BEGIN Entries provided

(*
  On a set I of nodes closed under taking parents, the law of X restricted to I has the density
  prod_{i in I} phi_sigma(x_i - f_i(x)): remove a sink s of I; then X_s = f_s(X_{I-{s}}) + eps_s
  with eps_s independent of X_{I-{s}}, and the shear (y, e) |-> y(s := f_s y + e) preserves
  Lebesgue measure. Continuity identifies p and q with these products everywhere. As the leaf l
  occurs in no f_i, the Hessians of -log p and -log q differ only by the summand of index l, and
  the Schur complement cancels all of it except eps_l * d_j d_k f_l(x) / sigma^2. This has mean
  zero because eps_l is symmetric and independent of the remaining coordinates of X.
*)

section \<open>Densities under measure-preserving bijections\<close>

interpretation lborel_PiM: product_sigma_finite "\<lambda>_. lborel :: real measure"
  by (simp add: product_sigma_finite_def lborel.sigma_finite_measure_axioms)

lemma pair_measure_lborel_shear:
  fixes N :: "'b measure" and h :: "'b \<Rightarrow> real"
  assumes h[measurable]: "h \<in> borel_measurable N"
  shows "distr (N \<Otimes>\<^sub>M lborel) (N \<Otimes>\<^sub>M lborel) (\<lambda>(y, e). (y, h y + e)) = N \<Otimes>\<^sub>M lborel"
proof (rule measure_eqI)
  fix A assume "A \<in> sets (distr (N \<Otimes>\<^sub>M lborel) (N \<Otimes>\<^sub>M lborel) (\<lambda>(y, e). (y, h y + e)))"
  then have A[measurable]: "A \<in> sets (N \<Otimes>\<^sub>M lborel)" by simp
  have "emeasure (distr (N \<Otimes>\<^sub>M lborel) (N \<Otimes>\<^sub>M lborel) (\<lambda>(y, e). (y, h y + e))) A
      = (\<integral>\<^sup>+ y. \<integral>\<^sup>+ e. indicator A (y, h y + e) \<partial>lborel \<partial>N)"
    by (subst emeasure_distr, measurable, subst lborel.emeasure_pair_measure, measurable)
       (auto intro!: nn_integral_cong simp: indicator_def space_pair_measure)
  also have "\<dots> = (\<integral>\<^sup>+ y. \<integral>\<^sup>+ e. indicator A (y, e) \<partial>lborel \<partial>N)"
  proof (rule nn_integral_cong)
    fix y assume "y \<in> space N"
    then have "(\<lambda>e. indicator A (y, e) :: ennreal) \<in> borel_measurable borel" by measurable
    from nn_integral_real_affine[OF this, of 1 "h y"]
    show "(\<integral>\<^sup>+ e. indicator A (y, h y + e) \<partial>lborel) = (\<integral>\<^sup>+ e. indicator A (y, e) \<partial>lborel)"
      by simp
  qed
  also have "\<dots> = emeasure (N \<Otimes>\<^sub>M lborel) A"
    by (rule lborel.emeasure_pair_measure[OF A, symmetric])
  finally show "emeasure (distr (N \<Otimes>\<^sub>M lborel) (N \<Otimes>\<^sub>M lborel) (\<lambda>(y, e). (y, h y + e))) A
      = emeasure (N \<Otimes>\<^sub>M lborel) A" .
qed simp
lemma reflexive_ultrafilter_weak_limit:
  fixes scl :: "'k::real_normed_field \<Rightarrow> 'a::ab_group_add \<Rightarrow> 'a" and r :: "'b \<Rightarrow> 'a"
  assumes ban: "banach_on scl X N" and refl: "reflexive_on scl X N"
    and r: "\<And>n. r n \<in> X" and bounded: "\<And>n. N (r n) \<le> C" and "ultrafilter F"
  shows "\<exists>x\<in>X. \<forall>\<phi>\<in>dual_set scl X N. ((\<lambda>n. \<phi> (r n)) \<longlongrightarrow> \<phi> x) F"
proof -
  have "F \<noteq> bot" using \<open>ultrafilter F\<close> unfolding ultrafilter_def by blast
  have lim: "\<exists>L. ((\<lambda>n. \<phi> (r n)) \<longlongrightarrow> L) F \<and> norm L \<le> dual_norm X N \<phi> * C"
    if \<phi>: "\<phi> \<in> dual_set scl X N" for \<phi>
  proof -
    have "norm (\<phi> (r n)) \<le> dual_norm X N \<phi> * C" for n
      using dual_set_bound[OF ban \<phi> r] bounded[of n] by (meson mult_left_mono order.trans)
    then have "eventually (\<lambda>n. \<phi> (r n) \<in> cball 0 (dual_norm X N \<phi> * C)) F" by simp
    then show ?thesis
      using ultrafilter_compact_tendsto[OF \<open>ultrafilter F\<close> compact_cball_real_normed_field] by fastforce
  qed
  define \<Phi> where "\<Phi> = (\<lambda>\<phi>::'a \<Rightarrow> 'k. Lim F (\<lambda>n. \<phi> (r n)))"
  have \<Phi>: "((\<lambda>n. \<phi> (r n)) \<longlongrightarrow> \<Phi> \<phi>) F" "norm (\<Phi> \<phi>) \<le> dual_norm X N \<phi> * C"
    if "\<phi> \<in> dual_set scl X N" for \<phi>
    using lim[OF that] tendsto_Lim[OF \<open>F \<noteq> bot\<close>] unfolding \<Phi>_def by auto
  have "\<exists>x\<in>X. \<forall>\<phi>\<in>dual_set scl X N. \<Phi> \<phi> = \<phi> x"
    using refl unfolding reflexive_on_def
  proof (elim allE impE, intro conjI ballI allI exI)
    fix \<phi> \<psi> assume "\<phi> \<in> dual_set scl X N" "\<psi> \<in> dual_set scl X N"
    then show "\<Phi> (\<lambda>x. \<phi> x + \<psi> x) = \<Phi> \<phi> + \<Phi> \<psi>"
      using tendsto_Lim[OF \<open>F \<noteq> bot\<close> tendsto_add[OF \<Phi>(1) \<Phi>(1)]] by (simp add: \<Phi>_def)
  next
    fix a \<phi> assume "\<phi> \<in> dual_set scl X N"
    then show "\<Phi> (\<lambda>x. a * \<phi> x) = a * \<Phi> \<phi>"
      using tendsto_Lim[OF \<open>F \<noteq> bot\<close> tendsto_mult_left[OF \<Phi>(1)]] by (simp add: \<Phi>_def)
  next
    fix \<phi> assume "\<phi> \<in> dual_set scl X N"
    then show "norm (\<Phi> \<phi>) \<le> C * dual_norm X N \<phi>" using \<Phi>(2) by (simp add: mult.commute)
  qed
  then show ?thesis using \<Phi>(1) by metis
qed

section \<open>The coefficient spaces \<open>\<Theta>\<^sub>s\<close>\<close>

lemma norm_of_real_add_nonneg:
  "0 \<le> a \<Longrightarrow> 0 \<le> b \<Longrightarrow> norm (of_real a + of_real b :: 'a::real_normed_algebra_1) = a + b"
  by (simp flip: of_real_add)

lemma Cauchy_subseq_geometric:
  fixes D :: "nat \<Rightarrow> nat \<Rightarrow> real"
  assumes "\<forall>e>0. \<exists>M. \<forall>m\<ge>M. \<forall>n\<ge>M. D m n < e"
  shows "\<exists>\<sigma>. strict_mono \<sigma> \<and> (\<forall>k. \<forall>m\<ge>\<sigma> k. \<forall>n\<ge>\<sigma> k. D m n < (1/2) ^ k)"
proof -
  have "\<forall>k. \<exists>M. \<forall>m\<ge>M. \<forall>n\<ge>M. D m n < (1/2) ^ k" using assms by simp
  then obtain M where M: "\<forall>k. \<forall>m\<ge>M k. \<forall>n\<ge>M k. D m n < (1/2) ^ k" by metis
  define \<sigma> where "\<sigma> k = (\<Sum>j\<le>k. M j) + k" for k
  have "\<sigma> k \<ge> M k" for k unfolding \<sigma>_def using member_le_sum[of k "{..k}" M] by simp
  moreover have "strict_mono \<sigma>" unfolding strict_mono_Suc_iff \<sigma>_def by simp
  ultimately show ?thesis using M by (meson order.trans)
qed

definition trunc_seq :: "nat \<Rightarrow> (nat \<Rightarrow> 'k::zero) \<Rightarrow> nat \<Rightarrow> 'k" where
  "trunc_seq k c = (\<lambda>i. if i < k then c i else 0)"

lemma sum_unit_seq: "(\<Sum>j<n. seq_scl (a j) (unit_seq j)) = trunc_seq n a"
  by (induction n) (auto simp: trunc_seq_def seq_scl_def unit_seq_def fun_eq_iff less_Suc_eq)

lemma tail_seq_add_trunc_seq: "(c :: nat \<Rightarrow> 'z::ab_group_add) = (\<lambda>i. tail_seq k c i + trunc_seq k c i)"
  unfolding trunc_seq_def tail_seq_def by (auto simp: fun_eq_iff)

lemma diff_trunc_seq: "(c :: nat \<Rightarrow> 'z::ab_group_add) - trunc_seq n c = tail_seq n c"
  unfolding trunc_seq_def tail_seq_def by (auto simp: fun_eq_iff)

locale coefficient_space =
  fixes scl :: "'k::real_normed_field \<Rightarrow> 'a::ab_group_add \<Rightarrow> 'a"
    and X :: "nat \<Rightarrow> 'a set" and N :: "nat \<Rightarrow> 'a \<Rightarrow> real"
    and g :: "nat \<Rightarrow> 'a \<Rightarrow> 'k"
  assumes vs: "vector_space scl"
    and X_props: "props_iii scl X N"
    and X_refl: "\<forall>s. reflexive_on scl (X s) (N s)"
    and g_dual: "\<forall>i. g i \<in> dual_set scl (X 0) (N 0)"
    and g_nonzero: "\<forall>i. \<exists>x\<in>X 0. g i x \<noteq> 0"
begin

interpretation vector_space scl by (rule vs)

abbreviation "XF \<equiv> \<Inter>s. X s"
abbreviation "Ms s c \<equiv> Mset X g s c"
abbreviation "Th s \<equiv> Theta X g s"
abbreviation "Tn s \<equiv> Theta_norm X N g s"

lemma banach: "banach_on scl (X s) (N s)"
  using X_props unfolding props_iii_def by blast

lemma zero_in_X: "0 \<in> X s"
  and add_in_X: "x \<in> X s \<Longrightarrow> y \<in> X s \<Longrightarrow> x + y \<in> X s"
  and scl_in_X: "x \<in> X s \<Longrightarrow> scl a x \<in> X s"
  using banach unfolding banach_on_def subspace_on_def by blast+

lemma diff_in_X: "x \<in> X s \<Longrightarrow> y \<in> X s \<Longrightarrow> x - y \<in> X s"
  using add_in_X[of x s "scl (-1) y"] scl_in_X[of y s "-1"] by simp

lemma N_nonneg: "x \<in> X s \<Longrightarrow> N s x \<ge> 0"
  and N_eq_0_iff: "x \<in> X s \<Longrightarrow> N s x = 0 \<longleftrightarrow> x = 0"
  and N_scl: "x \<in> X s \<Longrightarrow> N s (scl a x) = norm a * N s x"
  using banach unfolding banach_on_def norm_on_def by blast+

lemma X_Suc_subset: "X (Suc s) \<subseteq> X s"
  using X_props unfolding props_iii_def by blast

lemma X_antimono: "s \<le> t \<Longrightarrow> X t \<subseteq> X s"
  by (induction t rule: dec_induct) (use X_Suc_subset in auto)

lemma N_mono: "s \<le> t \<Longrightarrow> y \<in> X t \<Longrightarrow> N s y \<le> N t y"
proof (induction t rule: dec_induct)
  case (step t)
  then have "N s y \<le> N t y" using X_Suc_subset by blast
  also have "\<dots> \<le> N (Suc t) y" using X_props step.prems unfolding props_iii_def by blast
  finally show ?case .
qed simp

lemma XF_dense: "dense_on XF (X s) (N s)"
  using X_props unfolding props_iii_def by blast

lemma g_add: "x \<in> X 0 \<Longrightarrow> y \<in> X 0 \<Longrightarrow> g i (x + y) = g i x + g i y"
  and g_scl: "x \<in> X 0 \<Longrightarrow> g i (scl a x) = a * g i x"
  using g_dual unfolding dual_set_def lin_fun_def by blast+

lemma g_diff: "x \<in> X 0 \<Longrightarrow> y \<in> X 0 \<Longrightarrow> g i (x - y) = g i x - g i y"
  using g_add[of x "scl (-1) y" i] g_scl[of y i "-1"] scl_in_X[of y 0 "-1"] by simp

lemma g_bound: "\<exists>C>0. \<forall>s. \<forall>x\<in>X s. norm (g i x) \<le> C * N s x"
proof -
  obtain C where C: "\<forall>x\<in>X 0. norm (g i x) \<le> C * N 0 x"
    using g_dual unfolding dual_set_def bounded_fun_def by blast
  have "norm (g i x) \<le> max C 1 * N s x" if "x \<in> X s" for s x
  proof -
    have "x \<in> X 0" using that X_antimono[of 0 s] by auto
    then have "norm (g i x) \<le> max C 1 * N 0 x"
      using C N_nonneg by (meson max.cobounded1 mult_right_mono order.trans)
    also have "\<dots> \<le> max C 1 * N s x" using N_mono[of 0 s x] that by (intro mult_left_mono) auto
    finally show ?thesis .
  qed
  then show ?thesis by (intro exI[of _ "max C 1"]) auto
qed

END Entries provided
BEGIN Entries provided

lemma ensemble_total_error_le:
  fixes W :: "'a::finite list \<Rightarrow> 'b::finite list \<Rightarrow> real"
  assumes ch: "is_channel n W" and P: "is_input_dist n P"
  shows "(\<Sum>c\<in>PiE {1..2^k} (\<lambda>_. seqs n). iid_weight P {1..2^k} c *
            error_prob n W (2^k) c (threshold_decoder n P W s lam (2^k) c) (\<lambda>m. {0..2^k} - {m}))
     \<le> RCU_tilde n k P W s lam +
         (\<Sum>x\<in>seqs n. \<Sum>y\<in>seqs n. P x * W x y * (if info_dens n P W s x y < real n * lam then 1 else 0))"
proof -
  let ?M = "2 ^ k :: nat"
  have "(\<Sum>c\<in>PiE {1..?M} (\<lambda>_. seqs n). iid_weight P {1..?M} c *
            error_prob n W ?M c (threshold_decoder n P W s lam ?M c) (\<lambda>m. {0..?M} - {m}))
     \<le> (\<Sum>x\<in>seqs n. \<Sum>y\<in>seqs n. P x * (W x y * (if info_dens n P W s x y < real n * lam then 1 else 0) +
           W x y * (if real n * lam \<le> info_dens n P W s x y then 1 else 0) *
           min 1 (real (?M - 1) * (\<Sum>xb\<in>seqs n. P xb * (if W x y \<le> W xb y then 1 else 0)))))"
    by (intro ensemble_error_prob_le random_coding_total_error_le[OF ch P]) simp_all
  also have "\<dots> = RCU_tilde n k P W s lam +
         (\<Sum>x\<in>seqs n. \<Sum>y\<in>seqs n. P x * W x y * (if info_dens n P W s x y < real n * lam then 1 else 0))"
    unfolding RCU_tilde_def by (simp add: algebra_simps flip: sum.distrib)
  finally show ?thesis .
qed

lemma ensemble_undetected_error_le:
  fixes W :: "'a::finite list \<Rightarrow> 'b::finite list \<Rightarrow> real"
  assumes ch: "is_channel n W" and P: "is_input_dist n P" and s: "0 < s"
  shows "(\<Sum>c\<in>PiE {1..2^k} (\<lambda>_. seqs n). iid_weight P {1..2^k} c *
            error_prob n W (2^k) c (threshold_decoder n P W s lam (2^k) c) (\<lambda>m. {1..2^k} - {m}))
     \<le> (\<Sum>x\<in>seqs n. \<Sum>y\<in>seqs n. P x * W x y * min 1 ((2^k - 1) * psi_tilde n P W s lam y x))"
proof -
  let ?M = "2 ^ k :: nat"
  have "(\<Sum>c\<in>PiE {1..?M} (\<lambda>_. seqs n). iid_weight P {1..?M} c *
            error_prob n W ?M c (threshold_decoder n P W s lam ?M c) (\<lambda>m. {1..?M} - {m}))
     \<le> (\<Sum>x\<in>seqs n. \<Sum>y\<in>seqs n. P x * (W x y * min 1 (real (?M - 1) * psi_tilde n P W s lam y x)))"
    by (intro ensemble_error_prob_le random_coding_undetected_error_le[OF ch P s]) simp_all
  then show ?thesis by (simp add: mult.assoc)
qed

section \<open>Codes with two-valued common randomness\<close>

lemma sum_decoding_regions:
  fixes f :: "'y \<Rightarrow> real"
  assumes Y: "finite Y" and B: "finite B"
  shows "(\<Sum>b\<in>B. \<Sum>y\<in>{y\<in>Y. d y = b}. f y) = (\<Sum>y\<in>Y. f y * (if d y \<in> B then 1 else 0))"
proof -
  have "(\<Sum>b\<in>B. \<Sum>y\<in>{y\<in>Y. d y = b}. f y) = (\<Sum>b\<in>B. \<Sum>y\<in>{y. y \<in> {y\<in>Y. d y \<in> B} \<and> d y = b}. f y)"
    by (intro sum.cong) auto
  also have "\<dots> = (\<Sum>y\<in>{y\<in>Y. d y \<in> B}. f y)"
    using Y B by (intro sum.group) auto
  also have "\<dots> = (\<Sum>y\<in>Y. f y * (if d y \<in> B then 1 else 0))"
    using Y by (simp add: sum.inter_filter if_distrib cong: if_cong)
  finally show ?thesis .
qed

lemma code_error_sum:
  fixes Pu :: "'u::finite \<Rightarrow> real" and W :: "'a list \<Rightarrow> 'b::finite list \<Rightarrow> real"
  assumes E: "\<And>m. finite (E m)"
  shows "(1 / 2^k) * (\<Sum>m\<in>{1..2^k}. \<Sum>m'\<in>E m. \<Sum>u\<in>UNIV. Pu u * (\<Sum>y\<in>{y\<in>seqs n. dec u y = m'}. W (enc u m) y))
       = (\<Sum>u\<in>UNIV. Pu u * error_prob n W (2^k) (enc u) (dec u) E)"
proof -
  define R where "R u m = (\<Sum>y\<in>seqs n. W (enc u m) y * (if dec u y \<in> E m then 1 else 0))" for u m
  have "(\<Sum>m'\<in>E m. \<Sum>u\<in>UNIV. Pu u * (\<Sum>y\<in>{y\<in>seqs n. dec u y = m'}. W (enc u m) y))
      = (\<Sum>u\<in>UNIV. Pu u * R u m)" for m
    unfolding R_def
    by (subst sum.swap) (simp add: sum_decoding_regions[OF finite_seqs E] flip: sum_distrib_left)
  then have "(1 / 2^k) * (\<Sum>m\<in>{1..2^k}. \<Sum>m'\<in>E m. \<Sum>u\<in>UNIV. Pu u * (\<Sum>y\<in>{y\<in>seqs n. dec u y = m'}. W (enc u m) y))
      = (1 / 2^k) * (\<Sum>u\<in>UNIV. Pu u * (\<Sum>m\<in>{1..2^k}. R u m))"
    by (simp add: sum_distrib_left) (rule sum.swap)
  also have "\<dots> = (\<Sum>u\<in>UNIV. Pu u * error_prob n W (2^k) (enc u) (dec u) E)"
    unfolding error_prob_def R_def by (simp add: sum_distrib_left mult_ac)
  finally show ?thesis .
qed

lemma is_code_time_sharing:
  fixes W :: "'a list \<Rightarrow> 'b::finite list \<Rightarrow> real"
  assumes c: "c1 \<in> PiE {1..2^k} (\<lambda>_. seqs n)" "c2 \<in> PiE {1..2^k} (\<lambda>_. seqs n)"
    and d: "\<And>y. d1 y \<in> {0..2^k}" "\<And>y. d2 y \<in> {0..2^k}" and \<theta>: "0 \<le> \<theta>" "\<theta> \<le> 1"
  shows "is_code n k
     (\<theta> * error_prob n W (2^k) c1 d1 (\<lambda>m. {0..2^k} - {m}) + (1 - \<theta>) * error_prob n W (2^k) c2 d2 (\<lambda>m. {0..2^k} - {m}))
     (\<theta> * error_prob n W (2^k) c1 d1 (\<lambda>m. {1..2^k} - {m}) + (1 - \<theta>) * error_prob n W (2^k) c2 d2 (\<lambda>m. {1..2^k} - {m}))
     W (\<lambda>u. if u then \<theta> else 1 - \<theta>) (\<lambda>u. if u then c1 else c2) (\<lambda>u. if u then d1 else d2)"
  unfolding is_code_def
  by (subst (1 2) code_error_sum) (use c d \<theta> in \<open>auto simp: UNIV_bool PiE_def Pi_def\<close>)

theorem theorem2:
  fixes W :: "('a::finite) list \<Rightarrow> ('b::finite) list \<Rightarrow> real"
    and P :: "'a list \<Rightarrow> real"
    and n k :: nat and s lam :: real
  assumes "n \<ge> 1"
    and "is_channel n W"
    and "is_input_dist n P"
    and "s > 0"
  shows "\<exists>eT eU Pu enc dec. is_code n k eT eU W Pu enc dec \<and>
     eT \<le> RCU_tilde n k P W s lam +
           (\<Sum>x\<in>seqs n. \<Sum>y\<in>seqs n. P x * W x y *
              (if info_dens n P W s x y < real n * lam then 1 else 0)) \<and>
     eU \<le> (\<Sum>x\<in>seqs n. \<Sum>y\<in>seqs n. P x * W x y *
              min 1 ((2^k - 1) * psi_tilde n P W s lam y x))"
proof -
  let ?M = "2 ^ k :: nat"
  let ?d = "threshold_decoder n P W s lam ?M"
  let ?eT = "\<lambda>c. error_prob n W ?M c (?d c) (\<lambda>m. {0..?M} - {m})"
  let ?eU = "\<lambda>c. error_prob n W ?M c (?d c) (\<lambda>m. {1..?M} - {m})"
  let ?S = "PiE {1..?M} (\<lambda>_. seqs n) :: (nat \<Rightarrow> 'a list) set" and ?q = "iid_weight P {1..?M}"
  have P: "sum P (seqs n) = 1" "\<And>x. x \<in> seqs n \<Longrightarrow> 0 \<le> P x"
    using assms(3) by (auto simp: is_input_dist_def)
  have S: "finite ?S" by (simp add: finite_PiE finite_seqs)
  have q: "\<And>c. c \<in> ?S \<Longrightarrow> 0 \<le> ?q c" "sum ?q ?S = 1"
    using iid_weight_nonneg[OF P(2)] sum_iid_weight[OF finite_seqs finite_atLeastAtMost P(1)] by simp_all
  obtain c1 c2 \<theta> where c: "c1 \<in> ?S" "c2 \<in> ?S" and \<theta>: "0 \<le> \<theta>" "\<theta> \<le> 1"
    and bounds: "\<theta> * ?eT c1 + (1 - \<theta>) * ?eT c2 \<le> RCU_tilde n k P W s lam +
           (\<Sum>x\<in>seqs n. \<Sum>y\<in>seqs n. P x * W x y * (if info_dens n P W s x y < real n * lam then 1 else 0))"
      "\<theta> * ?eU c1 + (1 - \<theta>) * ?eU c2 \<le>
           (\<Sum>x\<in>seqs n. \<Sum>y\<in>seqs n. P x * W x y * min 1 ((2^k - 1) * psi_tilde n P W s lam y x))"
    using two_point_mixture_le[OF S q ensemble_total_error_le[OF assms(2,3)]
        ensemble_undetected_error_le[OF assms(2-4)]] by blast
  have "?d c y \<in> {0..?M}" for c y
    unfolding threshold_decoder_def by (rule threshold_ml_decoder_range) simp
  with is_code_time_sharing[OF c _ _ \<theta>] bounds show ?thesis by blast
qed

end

END Entries provided
BEGIN Entries provided

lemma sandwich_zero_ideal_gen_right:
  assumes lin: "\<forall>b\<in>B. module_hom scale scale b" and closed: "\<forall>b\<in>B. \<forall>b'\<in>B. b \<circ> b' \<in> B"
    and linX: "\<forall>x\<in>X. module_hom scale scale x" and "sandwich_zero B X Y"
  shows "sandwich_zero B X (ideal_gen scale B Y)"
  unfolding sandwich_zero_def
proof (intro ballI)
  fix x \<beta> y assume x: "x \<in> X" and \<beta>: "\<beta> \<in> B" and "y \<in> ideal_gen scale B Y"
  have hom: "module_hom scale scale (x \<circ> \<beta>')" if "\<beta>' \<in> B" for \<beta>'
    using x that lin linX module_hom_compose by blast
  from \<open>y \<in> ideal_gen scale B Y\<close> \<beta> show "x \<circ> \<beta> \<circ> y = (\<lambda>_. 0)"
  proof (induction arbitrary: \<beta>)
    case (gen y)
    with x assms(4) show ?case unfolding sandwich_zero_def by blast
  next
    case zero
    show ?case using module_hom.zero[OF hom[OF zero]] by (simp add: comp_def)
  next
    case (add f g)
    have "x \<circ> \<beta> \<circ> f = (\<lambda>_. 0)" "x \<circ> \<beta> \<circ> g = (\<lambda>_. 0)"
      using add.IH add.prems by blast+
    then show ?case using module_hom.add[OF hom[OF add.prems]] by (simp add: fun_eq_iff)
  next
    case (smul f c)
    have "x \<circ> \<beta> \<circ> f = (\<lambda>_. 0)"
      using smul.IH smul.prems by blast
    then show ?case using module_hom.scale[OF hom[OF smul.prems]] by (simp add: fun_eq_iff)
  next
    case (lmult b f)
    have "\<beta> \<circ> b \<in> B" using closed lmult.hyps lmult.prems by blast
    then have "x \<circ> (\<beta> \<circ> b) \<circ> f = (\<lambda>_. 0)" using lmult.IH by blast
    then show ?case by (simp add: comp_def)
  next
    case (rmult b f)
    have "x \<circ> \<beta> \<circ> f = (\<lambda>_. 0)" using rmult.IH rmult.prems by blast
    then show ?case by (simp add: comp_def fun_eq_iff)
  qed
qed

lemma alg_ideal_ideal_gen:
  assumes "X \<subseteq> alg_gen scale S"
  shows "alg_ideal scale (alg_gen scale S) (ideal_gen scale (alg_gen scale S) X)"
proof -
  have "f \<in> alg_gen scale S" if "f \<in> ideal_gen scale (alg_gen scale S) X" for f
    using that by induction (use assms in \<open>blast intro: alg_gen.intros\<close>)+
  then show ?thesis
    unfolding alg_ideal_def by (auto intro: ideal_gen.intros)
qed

END Entries provided

What you will do: With "rmult" as the string to find, copy every line of the records that holds it.

Solved problem:
    case (rmult b f)
    have "x \<circ> \<beta> \<circ> f = (\<lambda>_. 0)" using rmult.IH rmult.prems by blast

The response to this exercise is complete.